Senate Votes to Block California Ban on Gasoline-Fueled Cars
May 22, 2025 by Bloomberg(Bloomberg) -- The US Senate voted to block a California program banning gasoline-powered cars and other vehicles by 2035, sending the measure to President Donald Trump’s desk for his signature.
The 51-44 vote Thursday rolls back an Environmental Protection Agency waiver issued under former President Joe Biden allowing California to enact emissions standards even stricter than the US government’s requirements to increase sales of electric and other zero-emission vehicles.
The decision to repeal waivers for the state automobile programs overturns a decades-old practice — enshrined in the Clean Air Act of 1970 — of allowing the most populous US state to set stringent pollution standards that go beyond federal government requirements. That authority, first envisioned as a way to help California combat smog, has helped put Sacramento in the driver’s seat, designing pollution curbs that apply widely across the nation in other states that have opted to follow along.

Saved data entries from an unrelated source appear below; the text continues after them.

lemma abs_mult_le_quartic:
  fixes t l :: real
  assumes "2 * (1 + \<bar>t\<bar>) powr (1/3) \<le> \<bar>l\<bar>"
  shows "\<bar>t\<bar> * \<bar>l\<bar> \<le> l ^ 4 / 8"
proof -
  have "(2 * (1 + \<bar>t\<bar>) powr (1/3)) ^ 3 \<le> \<bar>l\<bar> ^ 3"
    using assms by (intro power_mono) auto
  then have "8 * (1 + \<bar>t\<bar>) \<le> \<bar>l\<bar> ^ 3"
    by (simp add: power_mult_distrib cbrt_one_plus_abs_cube)
  then have "\<bar>l\<bar> * (8 * \<bar>t\<bar>) \<le> \<bar>l\<bar> * \<bar>l\<bar> ^ 3"
    by (intro mult_left_mono) auto
  then show ?thesis
    by (simp add: mult_ac flip: power_Suc)
qed

lemma double_well_gap_le:
  fixes a t l :: real
  assumes "a \<ge> 0"
  shows "t * l - (l\<^sup>2 - a\<^sup>2)\<^sup>2 / 4 \<le> (2 * a + 2) * (1 + \<bar>t\<bar>) powr (1/3) * \<bar>t\<bar>"
proof -
  define s where "s = (1 + \<bar>t\<bar>) powr (1/3)"
  have s1: "s \<ge> 1"
    unfolding s_def by (rule cbrt_one_plus_abs_ge_one)
  have tl: "t * l \<le> \<bar>t\<bar> * \<bar>l\<bar>"
    by (simp flip: abs_mult)
  have "t * l - (l\<^sup>2 - a\<^sup>2)\<^sup>2 / 4 \<le> (2 * a + 2) * s * \<bar>t\<bar>"
  proof (cases "\<bar>l\<bar> \<le> 2 * a + 2 * s")
    case True
    have "\<bar>t\<bar> * \<bar>l\<bar> \<le> \<bar>t\<bar> * (2 * a + 2 * s)"
      using True by (intro mult_left_mono) auto
    also have "\<dots> \<le> (2 * a + 2) * s * \<bar>t\<bar>"
    proof -
      have "0 \<le> a * \<bar>t\<bar> * (s - 1)"
        using s1 assms by simp
      then show ?thesis
        by (simp add: algebra_simps)
    qed
    finally show ?thesis
      using tl zero_le_power2[of "l\<^sup>2 - a\<^sup>2"] by linarith
  next
    case False
    then have "\<bar>t\<bar> * \<bar>l\<bar> \<le> l ^ 4 / 8"
      using assms unfolding s_def by (intro abs_mult_le_quartic) auto
    also have "\<dots> \<le> (l\<^sup>2 - a\<^sup>2)\<^sup>2 / 4"
      using False s1 assms by (intro quartic_le_double_well) auto
    finally have "\<bar>t\<bar> * \<bar>l\<bar> \<le> (l\<^sup>2 - a\<^sup>2)\<^sup>2 / 4" .
    moreover have "0 \<le> (2 * a + 2) * s * \<bar>t\<bar>"
      using s1 assms by simp
    ultimately show ?thesis
      using tl by linarith
  qed
  then show ?thesis
    by (simp add: s_def)
qed

lemma double_well_gap_abs:
  fixes a t m :: real
  obtains l where "t * l - (l\<^sup>2 - a\<^sup>2)\<^sup>2 / 4 = \<bar>t\<bar> * m - (m\<^sup>2 - a\<^sup>2)\<^sup>2 / 4"
proof (cases "t < 0")
  case True
  then show ?thesis
    using that[of "- m"] by simp
next
  case False
  then show ?thesis
    using that[of m] by simp
qed

lemma double_well_gap_at_half_cbrt:
  fixes a t :: real
  defines "s \<equiv> (1 + \<bar>t\<bar>) powr (1/3)"
  assumes "a \<ge> 0" and "2 * max 1 a < s"
  shows "min (1/4) (a/2) * s * \<bar>t\<bar> \<le> \<bar>t\<bar> * (s/2) - ((s/2)\<^sup>2 - a\<^sup>2)\<^sup>2 / 4"
proof -
  have s1: "s \<ge> 1" and s3: "s ^ 3 = 1 + \<bar>t\<bar>"
    unfolding s_def by (rule cbrt_one_plus_abs_ge_one cbrt_one_plus_abs_cube)+
  have "1 \<le> \<bar>t\<bar>"
    using s3 assms(3) power_mono[of 2 s 3] by (auto simp: max_def split: if_splits)
  have "s ^ 4 = s * (1 + \<bar>t\<bar>)"
    by (simp flip: s3 power_Suc)
  also have "\<dots> \<le> s * (2 * \<bar>t\<bar>)"
    using \<open>1 \<le> \<bar>t\<bar>\<close> s1 by (intro mult_left_mono) auto
  finally have s4: "s ^ 4 \<le> 2 * s * \<bar>t\<bar>"
    by simp
  have "(2 * a)\<^sup>2 \<le> s\<^sup>2"
    using assms(2,3) by (intro power_mono) auto
  then have "(s\<^sup>2 / 4 - a\<^sup>2)\<^sup>2 \<le> (s\<^sup>2 / 4)\<^sup>2"
    using assms(2) by (intro power_mono) (auto simp: power_mult_distrib)
  also have "\<dots> = s ^ 4 / 16"
    by (simp add: power_divide flip: power_mult)
  finally have "((s/2)\<^sup>2 - a\<^sup>2)\<^sup>2 / 4 \<le> s * \<bar>t\<bar> / 32"
    using s4 by (simp add: power_divide)
  moreover have "min (1/4) (a/2) * (s * \<bar>t\<bar>) \<le> 1/4 * (s * \<bar>t\<bar>)"
    using s1 by (intro mult_right_mono) auto
  moreover have "0 \<le> s * \<bar>t\<bar>"
    using s1 by simp
  ultimately show ?thesis
    by (simp add: mult.commute[of "\<bar>t\<bar>"] mult.assoc)
qed

text \<open>The witness is a well bottom \<open>\<plusminus>a\<close> for small \<open>|t|\<close>, and \<open>\<plusminus>(1 + |t|)\<^bsup>1/3\<^esup>/2\<close> otherwise.\<close>

lemma double_well_gap_ge:
  fixes a t :: real
  assumes "a > 0"
  obtains l where "min (1/4) (a/2) * (1 + \<bar>t\<bar>) powr (1/3) * \<bar>t\<bar> \<le> t * l - (l\<^sup>2 - a\<^sup>2)\<^sup>2 / 4"
proof -
  define s where "s = (1 + \<bar>t\<bar>) powr (1/3)"
  have "\<exists>m. min (1/4) (a/2) * s * \<bar>t\<bar> \<le> \<bar>t\<bar> * m - (m\<^sup>2 - a\<^sup>2)\<^sup>2 / 4"
  proof (cases "s \<le> 2 * max 1 a")
    case True
    then have "min (1/4) (a/2) * s \<le> a"
      using assms by (auto simp: min_def max_def split: if_splits)
    then have "min (1/4) (a/2) * s * \<bar>t\<bar> \<le> \<bar>t\<bar> * a - (a\<^sup>2 - a\<^sup>2)\<^sup>2 / 4"
      by (simp add: mult_right_mono mult.commute[of "\<bar>t\<bar>"])
    then show ?thesis ..
  next
    case False
    then have "min (1/4) (a/2) * s * \<bar>t\<bar> \<le> \<bar>t\<bar> * (s/2) - ((s/2)\<^sup>2 - a\<^sup>2)\<^sup>2 / 4"
      using assms unfolding s_def by (intro double_well_gap_at_half_cbrt) auto
    then show ?thesis ..
  qed
  then show ?thesis
    using that double_well_gap_abs unfolding s_def by metis
qed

The California requirements, which drew opposition from automakers, fuel producers and Trump himself, were also set to be applied in New York, Washington and other states that agreed to follow suit. Opponents of California’s rules — which include automaker Toyota Motor Corp., the American Fuel and Petrochemical Manufacturers trade group and the US Chamber of Commerce — have said they are unachievable.
“Over the past two decades, California has used its waiver authority to push its extreme climate policies on the rest of the country, which was never the intent of the Clean Air Act,” said Senator Shelley Moore Capito, a West Virgina Republican. “The decision to limit consumer choice, increase car prices, and cost hundreds of thousands of jobs was made by California, and approved by a federal administration that had already been rejected by the American voters.”

California Governor Gavin Newsom and Attorney General Rob Bonta said they intend to sue the Trump administration, saying Republicans misused a 1996 law to block the state’s ability to set its own automotive standards.
“The President lacks the authority to push his anti-California agenda through the Congressional Review Act,” Bonta said during a news conference in Sacramento. “We won’t let it happen, not when we’re facing an air pollution and climate crisis that’s getting worse by the day.”
Without California’s clean air policies, pioneering companies such as Tesla Inc. would never had have gotten off the ground, Newsom said.
“Tesla simply wouldn’t have existed as a company had not these rules been applied,” the governor said at the news conference. He added that the GOP’s move was a boon for “big oil” and China.
The measure, which was passed by the House earlier this month, comes as Trump has criticized electric vehicles, claiming they don’t work and will benefit China and Mexico while hurting American autoworkers. His administration has begun to undo Biden-era climate and environmental policies, including ones that prompt a shift to fossil-fuel free vehicles.
The move to repeal the California requirements, which were designed to slash planet-warming pollution, more than halving greenhouse gas emissions from light-duty vehicles in the state by 2040, drew fire from groups like the Natural Resources Defense Council.
“This vote is an unprecedented and reckless attack on states’ legal authority to address the pollution causing asthma, lung disease and heart conditions,” said Manish Bapna, the environmental group’s president. “After a multi-million dollar lobbying campaign from Big Oil, Republicans readily jettisoned their long-held view that states can best enact measures that reflect the values and interests of their residents.”

California’s policies requiring car manufacturers to gradually sell more zero-emission vehicles have been a boon to Tesla Inc. for years. Rival automakers that have been unable to meet the state’s mandate on their own have purchased compliance credits from Tesla, which only sells EVs.
While the automaker led by Elon Musk, one of Trump’s top advisers, has been shrinking in California — registrations fell all four quarters of 2024 and in the first three months of this year — it’s still by far the top-selling EV maker in the state.
The vote to repeal defied a ruling by the Senate parliamentarian, a nonpartisan interpreter of the chamber’s rules and procedures, that the EPA waivers are not eligible for repeal using the Congressional Review Act. The act allows for lawmakers to rescind Biden-era measures that were finalized in the last few months of his presidency.
Republicans used a controversial procedural move to skirt the ruling, drawing vehement opposition from Senate Democrats, who said that would set a new precedent about what the Senate could do using a simple majority vote.
“It is going nuclear,” Minority Leader Chuck Schumer said Wednesday night, adding that it would allow Republicans to hijack the rules, erode “away at the Senate and undermine this institution they claim to care about.”
(Adds details on California’s plan to sue the Trump administration over the legislation.)